▶ Task goal: The reply should give back every entry exactly as written.

▶ Data records:
-- Opening Marker --

text \<open>Lumping the chain along the partition gives a chain on the blocks whose rates
  \<open>\<Lambda> m j * card (A j)\<close> do not depend on \<open>q\<close>: the block sums of \<open>Q\<^sub>U\<close> are exactly the entries
  of the lumped rate matrix, so the block masses of any stationary vector are stationary for the
  lumped chain. Between any two blocks the lumped chain still has positive rate in at least one
  direction, and such chains have a unique stationary distribution. This is shown by induction
  on the number of states: removing a state \<open>s\<close> with positive exit rate and redirecting every
  jump into \<open>s\<close> to the state where \<open>s\<close> is left yields a chain of the same kind whose stationary distributions are exactly the
  normalised restrictions of those of the original chain.\<close>

definition balanced :: "'a set \<Rightarrow> ('a \<Rightarrow> 'a \<Rightarrow> real) \<Rightarrow> ('a \<Rightarrow> real) \<Rightarrow> bool" where
  "balanced V r p \<longleftrightarrow> (\<forall>j\<in>V. (\<Sum>i\<in>V - {j}. p i * r i j) = p j * (\<Sum>l\<in>V - {j}. r j l))"

definition pairwise_positive_rates :: "'a set \<Rightarrow> ('a \<Rightarrow> 'a \<Rightarrow> real) \<Rightarrow> bool" where
  "pairwise_positive_rates V r \<longleftrightarrow> finite V \<and>
     (\<forall>i\<in>V. \<forall>j\<in>V. i \<noteq> j \<longrightarrow> 0 \<le> r i j \<and> 0 < r i j + r j i)"

lemma pcmc_rates_pairwise_positive: "pcmc_rates U q \<Longrightarrow> pairwise_positive_rates U q"
  unfolding pcmc_rates_def pairwise_positive_rates_def by force

lemma rate_matrix_off_diagonal_sum:
  "(\<Sum>i\<in>U - {j}. f i * rate_matrix U q i j) = (\<Sum>i\<in>U - {j}. f i * q i j)"
  by (rule sum.cong) (auto simp: rate_matrix_def)

lemma rate_matrix_row_sum:
  assumes "finite U" "a \<in> U"
  shows "(\<Sum>b\<in>U. rate_matrix U q a b) = 0"
proof -
  have "(\<Sum>b\<in>U. rate_matrix U q a b) = rate_matrix U q a a + (\<Sum>b\<in>U - {a}. rate_matrix U q a b)"
    using assms by (simp add: sum.remove)
  also have "(\<Sum>b\<in>U - {a}. rate_matrix U q a b) = (\<Sum>b\<in>U - {a}. q a b)"
    by (rule sum.cong) (auto simp: rate_matrix_def)
  finally show ?thesis by (simp add: rate_matrix_def)
qed

lemma is_stationary_iff_balanced:
  assumes "finite V"
  shows "is_stationary V r p \<longleftrightarrow> (\<forall>x\<in>V. 0 \<le> p x) \<and> sum p V = 1 \<and> balanced V r p"
proof -
  have "(\<Sum>i\<in>V. p i * rate_matrix V r i j) = (\<Sum>i\<in>V - {j}. p i * r i j) - p j * (\<Sum>l\<in>V - {j}. r j l)"
    if "j \<in> V" for j
    using assms that by (simp add: sum.remove rate_matrix_off_diagonal_sum rate_matrix_def)
  then show ?thesis
    unfolding is_stationary_def balanced_def by auto
qed

lemma balanced_cong: "(\<And>x. x \<in> V \<Longrightarrow> p x = p' x) \<Longrightarrow> balanced V r p \<longleftrightarrow> balanced V r p'"
  unfolding balanced_def by (metis (no_types, lifting) DiffD1 sum.cong)

lemma balanced_divide: "balanced V r p \<Longrightarrow> balanced V r (\<lambda>x. p x / c)"
  unfolding balanced_def by (simp add: sum_divide_distrib[symmetric])

lemma is_stationary_normalize:
  assumes "finite V" "balanced V r p" "\<forall>x\<in>V. 0 \<le> p x" "0 < sum p V"
  shows "is_stationary V r (\<lambda>x. p x / sum p V)"
  using assms by (simp add: is_stationary_iff_balanced balanced_divide sum_divide_distrib[symmetric])

lemma is_stationary_eq_if_proportional:
  assumes "finite V" "is_stationary V r p" "is_stationary V r p'" "\<forall>x\<in>V. p x = c * p' x"
  shows "\<forall>x\<in>V. p x = p' x"
proof -
  have "sum p V = c * sum p' V"
    using assms(4) by (simp add: sum_distrib_left)
  then have "c = 1"
    using assms(1-3) by (simp add: is_stationary_iff_balanced)
  then show ?thesis using assms(4) by simp
qed

lemma exists_positive_exit_rate:
  assumes "pairwise_positive_rates V r" "1 < card V"
  obtains s where "s \<in> V" "0 < (\<Sum>l\<in>V - {s}. r s l)"
proof -
  have fin: "finite V" using assms(1) by (simp add: pairwise_positive_rates_def)
  obtain a b where ab: "a \<in> V" "b \<in> V" "a \<noteq> b"
    using assms(2) card_le_Suc0_iff_eq[OF fin] by auto
  then have pos: "0 < r a b + r b a" and nonneg: "0 \<le> r a b" "0 \<le> r b a"
    using assms(1) by (auto simp: pairwise_positive_rates_def)
  have "r x y \<le> (\<Sum>l\<in>V - {x}. r x l)" if "x \<in> V" "y \<in> V" "x \<noteq> y" for x y
    using assms(1) that fin
    by (intro member_le_sum) (auto simp: pairwise_positive_rates_def)
  then show ?thesis
    using that ab pos nonneg by (cases "0 < r a b") (fastforce+)
qed

locale state_elimination =
  fixes W :: "'a set" and s :: 'a and r :: "'a \<Rightarrow> 'a \<Rightarrow> real"
  assumes rates: "pairwise_positive_rates (insert s W) r"
    and s_notin_W: "s \<notin> W"
    and exit_rate_pos: "0 < (\<Sum>l\<in>W. r s l)"
begin

abbreviation exit_rate :: real where
  "exit_rate \<equiv> \<Sum>l\<in>W. r s l"

text \<open>The chain observed only while it is outside \<open>s\<close>: a jump into \<open>s\<close> is continued by the
  exit from \<open>s\<close>, which goes to \<open>j\<close> with probability \<open>r s j / exit_rate\<close>.\<close>
definition censored :: "'a \<Rightarrow> 'a \<Rightarrow> real" where
  "censored i j = r i j + r i s * r s j / exit_rate"

lemma finite_W: "finite W"
  using rates by (simp add: pairwise_positive_rates_def)

lemma rate_nonneg: "i \<in> insert s W \<Longrightarrow> j \<in> insert s W \<Longrightarrow> i \<noteq> j \<Longrightarrow> 0 \<le> r i j"
  using rates unfolding pairwise_positive_rates_def by blast

lemma censored_pairwise_positive: "pairwise_positive_rates W censored"
  unfolding pairwise_positive_rates_def
proof (intro conjI[OF finite_W] ballI impI)
  fix i j assume ij: "i \<in> W" "j \<in> W" "i \<noteq> j"
  have "i \<noteq> s" "j \<noteq> s" using ij s_notin_W by auto
  then have "0 \<le> r i s" "0 \<le> r s j" "0 \<le> r j s" "0 \<le> r s i"
    using ij rate_nonneg by simp_all
  then have "0 \<le> r i s * r s j / exit_rate" "0 \<le> r j s * r s i / exit_rate"
    using exit_rate_pos by simp_all
  moreover have "0 \<le> r i j" "0 < r i j + r j i"
    using rates ij by (auto simp: pairwise_positive_rates_def)
  ultimately show "0 \<le> censored i j \<and> 0 < censored i j + censored j i"
    unfolding censored_def by linarith
qed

-- Closing Marker --

▶ Written solution:
text \<open>Lumping the chain along the partition gives a chain on the blocks whose rates
  \<open>\<Lambda> m j * card (A j)\<close> do not depend on \<open>q\<close>: the block sums of \<open>Q\<^sub>U\<close> are exactly the entries
  of the lumped rate matrix, so the block masses of any stationary vector are stationary for the
  lumped chain. Between any two blocks the lumped chain still has positive rate in at least one
  direction, and such chains have a unique stationary distribution. This is shown by induction
  on the number of states: removing a state \<open>s\<close> with positive exit rate and redirecting every
  jump into \<open>s\<close> to the state where \<open>s\<close> is left yields a chain of the same kind whose stationary distributions are exactly the
  normalised restrictions of those of the original chain.\<close>

definition balanced :: "'a set \<Rightarrow> ('a \<Rightarrow> 'a \<Rightarrow> real) \<Rightarrow> ('a \<Rightarrow> real) \<Rightarrow> bool" where
  "balanced V r p \<longleftrightarrow> (\<forall>j\<in>V. (\<Sum>i\<in>V - {j}. p i * r i j) = p j * (\<Sum>l\<in>V - {j}. r j l))"

definition pairwise_positive_rates :: "'a set \<Rightarrow> ('a \<Rightarrow> 'a \<Rightarrow> real) \<Rightarrow> bool" where
  "pairwise_positive_rates V r \<longleftrightarrow> finite V \<and>
     (\<forall>i\<in>V. \<forall>j\<in>V. i \<noteq> j \<longrightarrow> 0 \<le> r i j \<and> 0 < r i j + r j i)"

lemma pcmc_rates_pairwise_positive: "pcmc_rates U q \<Longrightarrow> pairwise_positive_rates U q"
  unfolding pcmc_rates_def pairwise_positive_rates_def by force

lemma rate_matrix_off_diagonal_sum:
  "(\<Sum>i\<in>U - {j}. f i * rate_matrix U q i j) = (\<Sum>i\<in>U - {j}. f i * q i j)"
  by (rule sum.cong) (auto simp: rate_matrix_def)

lemma rate_matrix_row_sum:
  assumes "finite U" "a \<in> U"
  shows "(\<Sum>b\<in>U. rate_matrix U q a b) = 0"
proof -
  have "(\<Sum>b\<in>U. rate_matrix U q a b) = rate_matrix U q a a + (\<Sum>b\<in>U - {a}. rate_matrix U q a b)"
    using assms by (simp add: sum.remove)
  also have "(\<Sum>b\<in>U - {a}. rate_matrix U q a b) = (\<Sum>b\<in>U - {a}. q a b)"
    by (rule sum.cong) (auto simp: rate_matrix_def)
  finally show ?thesis by (simp add: rate_matrix_def)
qed

lemma is_stationary_iff_balanced:
  assumes "finite V"
  shows "is_stationary V r p \<longleftrightarrow> (\<forall>x\<in>V. 0 \<le> p x) \<and> sum p V = 1 \<and> balanced V r p"
proof -
  have "(\<Sum>i\<in>V. p i * rate_matrix V r i j) = (\<Sum>i\<in>V - {j}. p i * r i j) - p j * (\<Sum>l\<in>V - {j}. r j l)"
    if "j \<in> V" for j
    using assms that by (simp add: sum.remove rate_matrix_off_diagonal_sum rate_matrix_def)
  then show ?thesis
    unfolding is_stationary_def balanced_def by auto
qed

lemma balanced_cong: "(\<And>x. x \<in> V \<Longrightarrow> p x = p' x) \<Longrightarrow> balanced V r p \<longleftrightarrow> balanced V r p'"
  unfolding balanced_def by (metis (no_types, lifting) DiffD1 sum.cong)

lemma balanced_divide: "balanced V r p \<Longrightarrow> balanced V r (\<lambda>x. p x / c)"
  unfolding balanced_def by (simp add: sum_divide_distrib[symmetric])

lemma is_stationary_normalize:
  assumes "finite V" "balanced V r p" "\<forall>x\<in>V. 0 \<le> p x" "0 < sum p V"
  shows "is_stationary V r (\<lambda>x. p x / sum p V)"
  using assms by (simp add: is_stationary_iff_balanced balanced_divide sum_divide_distrib[symmetric])

lemma is_stationary_eq_if_proportional:
  assumes "finite V" "is_stationary V r p" "is_stationary V r p'" "\<forall>x\<in>V. p x = c * p' x"
  shows "\<forall>x\<in>V. p x = p' x"
proof -
  have "sum p V = c * sum p' V"
    using assms(4) by (simp add: sum_distrib_left)
  then have "c = 1"
    using assms(1-3) by (simp add: is_stationary_iff_balanced)
  then show ?thesis using assms(4) by simp
qed

lemma exists_positive_exit_rate:
  assumes "pairwise_positive_rates V r" "1 < card V"
  obtains s where "s \<in> V" "0 < (\<Sum>l\<in>V - {s}. r s l)"
proof -
  have fin: "finite V" using assms(1) by (simp add: pairwise_positive_rates_def)
  obtain a b where ab: "a \<in> V" "b \<in> V" "a \<noteq> b"
    using assms(2) card_le_Suc0_iff_eq[OF fin] by auto
  then have pos: "0 < r a b + r b a" and nonneg: "0 \<le> r a b" "0 \<le> r b a"
    using assms(1) by (auto simp: pairwise_positive_rates_def)
  have "r x y \<le> (\<Sum>l\<in>V - {x}. r x l)" if "x \<in> V" "y \<in> V" "x \<noteq> y" for x y
    using assms(1) that fin
    by (intro member_le_sum) (auto simp: pairwise_positive_rates_def)
  then show ?thesis
    using that ab pos nonneg by (cases "0 < r a b") (fastforce+)
qed

locale state_elimination =
  fixes W :: "'a set" and s :: 'a and r :: "'a \<Rightarrow> 'a \<Rightarrow> real"
  assumes rates: "pairwise_positive_rates (insert s W) r"
    and s_notin_W: "s \<notin> W"
    and exit_rate_pos: "0 < (\<Sum>l\<in>W. r s l)"
begin

abbreviation exit_rate :: real where
  "exit_rate \<equiv> \<Sum>l\<in>W. r s l"

text \<open>The chain observed only while it is outside \<open>s\<close>: a jump into \<open>s\<close> is continued by the
  exit from \<open>s\<close>, which goes to \<open>j\<close> with probability \<open>r s j / exit_rate\<close>.\<close>
definition censored :: "'a \<Rightarrow> 'a \<Rightarrow> real" where
  "censored i j = r i j + r i s * r s j / exit_rate"

lemma finite_W: "finite W"
  using rates by (simp add: pairwise_positive_rates_def)

lemma rate_nonneg: "i \<in> insert s W \<Longrightarrow> j \<in> insert s W \<Longrightarrow> i \<noteq> j \<Longrightarrow> 0 \<le> r i j"
  using rates unfolding pairwise_positive_rates_def by blast

lemma censored_pairwise_positive: "pairwise_positive_rates W censored"
  unfolding pairwise_positive_rates_def
proof (intro conjI[OF finite_W] ballI impI)
  fix i j assume ij: "i \<in> W" "j \<in> W" "i \<noteq> j"
  have "i \<noteq> s" "j \<noteq> s" using ij s_notin_W by auto
  then have "0 \<le> r i s" "0 \<le> r s j" "0 \<le> r j s" "0 \<le> r s i"
    using ij rate_nonneg by simp_all
  then have "0 \<le> r i s * r s j / exit_rate" "0 \<le> r j s * r s i / exit_rate"
    using exit_rate_pos by simp_all
  moreover have "0 \<le> r i j" "0 < r i j + r j i"
    using rates ij by (auto simp: pairwise_positive_rates_def)
  ultimately show "0 \<le> censored i j \<and> 0 < censored i j + censored j i"
    unfolding censored_def by linarith
qed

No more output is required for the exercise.